Is it not better to have more then less. When I split the engine yesterday at the track even with the double mixture the piston was bone dry and the plug was light grey in colour. That to me means it's lean, but should not be even with the mixture I am using.I am just going to go backwards and start all over again using a bigger jet (320) and work down in size until I get it right. If I keep going the way I am it's going to cost a fortune by the end of the season.

Peter
 
What difference does the poilet jet make. I have seen them on the Vito's web site along with the different main jets. Also on one of the posted reply's someone mentioned taking it up or down a notch? What does this mean?

Peter
 
It's not my garage but it is my shop and they are my cars aswell. I wish the blaster ran as well as the golf does. She is as sweet as a nut.

Peter
 
on my sons bike im running a stock carb, v force2 reedcage,
with mild porting, an f7 pipe and silencer, a uni filter in the stock airbox with no lid, the carb has a 300 main, needle clip on 4th slot down and stock pilot jet, mixing 32:1(thats 4 onces of oil to 1 gallon of fuel) you do the math,
this bike just screams, i've been riding it 2 -3 days a week, doing 45 minute laps of our mountian as practice for my buddies who run gncc bikes, so needless to say i'm running it very hard to keep up witht them on bikes, and its holding up well
also, i think when you over-mix the oil your taking away the octane of the fuel, the higher the octane the better and cooler it will run
just run whatever is the equivalent of 32:1 mix and the highest octane you can get
 
also, i think when you over-mix the oil your taking away the octane of the fuel, the higher the octane the better and cooler it will run
just run whatever is the equivalent of 32:1 mix and the highest octane you can get


this, in conjunction with most likely running lean and the timing is making this thing hooooooooooooooooooooooooooooooooootttttttttttttttttttttttttt.

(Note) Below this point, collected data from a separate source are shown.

locale upt_configuration =
  fixes s :: nat
    and Xs :: "nat \<Rightarrow> ('k::field \<times> 'k \<times> 'k) set set"
    and Ls :: "nat \<Rightarrow> ('k \<times> 'k \<times> 'k) set set"
  assumes card_Xs: "i < s \<Longrightarrow> card (Xs i) = Suc i"
    and Xs_subset_Ls: "i < s \<Longrightarrow> Xs i \<subseteq> Ls i"
    and Ls_in_lines_P2: "i < s \<Longrightarrow> Ls i \<in> lines_P2"
    and Ls_disjoint_Xs: "j < i \<Longrightarrow> i < s \<Longrightarrow> Ls i \<inter> Xs j = {}"
begin

lemma card_inter_Xs_le_1:
  assumes "L \<in> lines_P2" "i < s" "i = 0 \<or> L \<noteq> Ls i"
  shows "card (L \<inter> Xs i) \<le> 1"
  using assms(3)
proof
  assume "i = 0"
  have "finite (Xs i)"
    using card_Xs[OF assms(2)] by (simp add: card_ge_0_finite)
  then have "card (L \<inter> Xs i) \<le> card (Xs i)"
    by (simp add: card_mono)
  moreover have "card (Xs i) = 1"
    using card_Xs[OF assms(2)] \<open>i = 0\<close> by simp
  ultimately show ?thesis
    by simp
qed (use assms card_inter_other_line_le_1 Xs_subset_Ls Ls_in_lines_P2 in blast)

lemma full_line_missing_Xs0:
  assumes "0 < s" "L \<in> lines_P2" "card (L \<inter> (\<Union>i<s. Xs i)) = s" "L \<inter> Xs 0 = {}"
  shows "L \<in> Ls ` {1..<s}"
proof (rule ccontr)
  assume "L \<notin> Ls ` {1..<s}"
  then have "card (L \<inter> Xs i) \<le> 1" if "i < s" for i
    using card_inter_Xs_le_1[OF assms(2) that] that by force
  then show False
    using card_inter_UN_less[where A = Xs, OF _ assms(1,4)] assms(3) by simp
qed

lemma full_line_meets_Xs1:
  assumes "1 < s" "L \<in> lines_P2" "card (L \<inter> (\<Union>i<s. Xs i)) = s" "L \<inter> Xs 0 \<noteq> {}"
  shows "L \<inter> Xs 1 \<noteq> {}"
proof
  assume "L \<inter> Xs 1 = {}"
  have "L \<noteq> Ls i" if "0 < i" "i < s" for i
    using Ls_disjoint_Xs[OF that] assms(4) by auto
  then have "card (L \<inter> Xs i) \<le> 1" if "i < s" for i
    using card_inter_Xs_le_1[OF assms(2) that] that by blast
  then show False
    using card_inter_UN_less[where A = Xs, OF _ assms(1) \<open>L \<inter> Xs 1 = {}\<close>] assms(3) by simp
qed

lemma full_lines_meeting_Xs0:
  assumes "1 < s"
  defines "F \<equiv> {L \<in> lines_P2. card (L \<inter> (\<Union>i<s. Xs i)) = s \<and> L \<inter> Xs 0 \<noteq> {}}"
  shows "finite F \<and> card F \<le> 2"
proof -
  obtain p where p: "Xs 0 = {p}"
    using card_Xs[of 0] assms(1) by (auto simp: card_Suc_eq)
  have "p \<notin> Xs 1"
    using Ls_disjoint_Xs[of 0 1] Xs_subset_Ls[of 1] assms(1) p by auto
  define pick where "pick L = (SOME q. q \<in> L \<inter> Xs 1)" for L
  have pick: "pick L \<in> L \<inter> Xs 1" if "L \<in> F" for L
  proof -
    have "L \<inter> Xs 1 \<noteq> {}"
      using full_line_meets_Xs1[OF assms(1)] that unfolding F_def by blast
    then show ?thesis
      unfolding pick_def by (rule some_in_eq[THEN iffD2])
  qed
  \<comment> \<open>a line of \<open>F\<close> is the line through \<open>p\<close> and its chosen point of \<open>Xs 1\<close>\<close>
  have "inj_on pick F"
  proof (rule inj_onI)
    fix L L' assume "L \<in> F" "L' \<in> F" "pick L = pick L'"
    then show "L = L'"
      using lines_P2_unique[of L L' p "pick L"] pick \<open>p \<notin> Xs 1\<close> p unfolding F_def by force
  qed
  moreover have "pick ` F \<subseteq> Xs 1"
    using pick by blast
  moreover have "finite (Xs 1)" "card (Xs 1) = 2"
    using card_Xs[of 1] assms(1) by (simp_all add: card_ge_0_finite)
  ultimately show ?thesis
    using inj_on_finite[of pick F "Xs 1"] card_inj_on_le[of pick F "Xs 1"] by simp
qed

like they said, figure out 32:1 mix, put the timing back to STOCK (you can advance it a little after you keep it together a little while) and put a bigger jet in the carb. I'm guessing that with the stock pipe......you'll only need 260-280 main jet.

and do a leak down test on it before tearing it apart. here's a link
http://www.blasterforum.com/do-yourself-20/build-use-leakdown-tester-10663/

and i'd do it again after you put it together.


here's the deal, if you keep just throwing the top end on it after a bore/hone and not changing anything else.....guess what? its going to keep blowing up.

Insanity: doing the same thing over and over again and expecting different results.